The EPIC-InterAct study showed that dietary fiber, particularity cereal fiber, reduced the risk of diabetes. However, after adjusting for weight (BMI), the result was no longer statistically significant; that is, reduced diabetes risk was directly associated with reduced weight. The meta-analysis of the 19 studies indicated the greatest reduced incidence of diabetes and increased consumption occurred for total fiber, followed by cereal, fruit and then vegetable fiber.

About the author

Claudia O’Donnell is co-owner of Global Food Forums, Inc.

However, an important mechanism at least partially explains the association between fiber and type 2 diabetes that moves beyond weight management and includes fiber from other sources. "Soluble dietary fiber, more specifically fermentable soluble fiber, from foods such as whole grains and pulses, slows gastric emptying, delays glucose absorption and improves postprandial glycemic response,” says Kelley Fitzpatrick, M.Sc., R.D., of NutriTech Consulting. “Insulin resistance is a major risk factor for type 2 diabetes. In addition to being beneficial for individuals with diabetes, both whole grain and pulse consumption have been shown to prevent insulin resistance and also may improve insulin sensitivity among those with impaired glucose tolerance, even in the absence of weight loss.”

Rhonda Witwer of Witwer Works LLC adds: “Fermentable resistant starch offers the strongest data of any of the individual dietary fibers.” She notes Denise Robertson, Ph.D., University of Surrey, has published numerous studies examining the glucose metabolism impact of resistant starch over the past decade. Witwer quotes Robertson’s writing: “Chronic resistant starch intake has been found to improve peripheral insulin sensitivity in both adipose tissue and skeletal muscle, to change gene regulation in pathways linked to fatty acid metabolism, to enhance first-phase insulin secretion, and to increase fat oxidation and reduce appetite.” You can read more here.

Some of the most recent research in this area appeared in an unpublished thesis and a conference abstract, which can be accessed through Witwer’s website

As of 2015, nine clinical studies have shown that RS2 resistant starch from high-amylose corn improved insulin sensitivity in healthy adults, in adults with pre-diabetes (i.e., people with high insulin levels) and in individuals with type 2 diabetes, says Witwer.

“The driver for these improvements is a cascade of biochemical changes caused by gut fermentation,” Witwer goes on to explain.

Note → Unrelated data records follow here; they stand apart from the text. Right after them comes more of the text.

lemma pmf_alloc_pmf:
  assumes "t \<ge> 1" "\<forall>j\<ge>t. \<omega> j = undefined" "\<forall>j<t. pmf Q (\<omega> j) > 0"
  shows "pmf (alloc_pmf t P Q) \<omega>
       = pmf (prod_pmf t Q) \<omega> * (\<Sum>i<t. pmf P (\<omega> i) / pmf Q (\<omega> i)) / real t"
proof -
  have slice: "pmf (Pi_pmf {..<t} undefined (\<lambda>j. if j = i then P else Q)) \<omega>
      = pmf (prod_pmf t Q) \<omega> * (pmf P (\<omega> i) / pmf Q (\<omega> i))" if "i < t" for i
  proof -
    have "pmf (Pi_pmf {..<t} undefined (\<lambda>j. if j = i then P else Q)) \<omega>
        = (\<Prod>j<t. pmf (if j = i then P else Q) (\<omega> j))"
      using assms(2) by (intro pmf_Pi') auto
    also have "\<dots> = (\<Prod>j<t. if j = i then pmf P (\<omega> j) else pmf Q (\<omega> j))"
      by (rule prod.cong) simp_all
    also have "\<dots> = pmf P (\<omega> i) * (\<Prod>j\<in>{..<t} - {i}. pmf Q (\<omega> j))"
      using that by (simp add: prod.delta_remove)
    moreover have "pmf (prod_pmf t Q) \<omega> = pmf Q (\<omega> i) * (\<Prod>j\<in>{..<t} - {i}. pmf Q (\<omega> j))"
      using that by (simp add: pmf_prod_pmf[OF assms(2)] prod.remove[of "{..<t}" i])
    moreover have "pmf Q (\<omega> i) > 0"
      using that assms(3) by blast
    ultimately show ?thesis
      by simp
  qed
  have "pmf (alloc_pmf t P Q) \<omega>
      = (\<Sum>i<t. pmf (Pi_pmf {..<t} undefined (\<lambda>j. if j = i then P else Q)) \<omega>) / real t"
    using assms(1) by (simp add: alloc_pmf_def pmf_bind_pmf_of_set lessThan_empty_iff)
  also have "\<dots> = (\<Sum>i<t. pmf (prod_pmf t Q) \<omega> * (pmf P (\<omega> i) / pmf Q (\<omega> i))) / real t"
    by (intro arg_cong[where f = "\<lambda>x. x / real t"] sum.cong) (simp_all add: slice)
  finally show ?thesis
    by (simp add: sum_distrib_left)
qed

Fiber fermentation changes the composition of the microbiota in the large intestine, and more importantly, changes the expression of hundreds of genes that actually improve insulin sensitivity and other aspects of metabolism.

The link between diabetes and an individual’s microbiota is so strong, some have even proposed it as a diagnostic tool. At the Endo 2015 meeting in San Diego this year, researchers from the University of Illinois at Chicago reported that a certain microbiota “is associated with stable, normal blood glucose levels, while a different profile is associated with glucose levels that indicate pre-diabetes.” Their research found bacteria from a specific genus, Akkermansia, was more abundant in the gut of men whose blood sugar levels had improved over the year of the study. See the UIC press release.

Although they note that one’s microbiota is greatly influenced not by environmental factors and genetics as well as diet, the study’s principal investigator, Dr. Elena Barengolts, commented that the study provides additional reasons for physicians to recommend foods, such as prebiotics. More research is needed, however, and she suggests that “the ‘signature’ of the gut microbiota … could be another useful tool in assessing a person’s risk for developing diabetes.”

With diabetes continuing to grow worldwide, a better understanding of how particular foods within a diet impact this disease will be highly beneficial.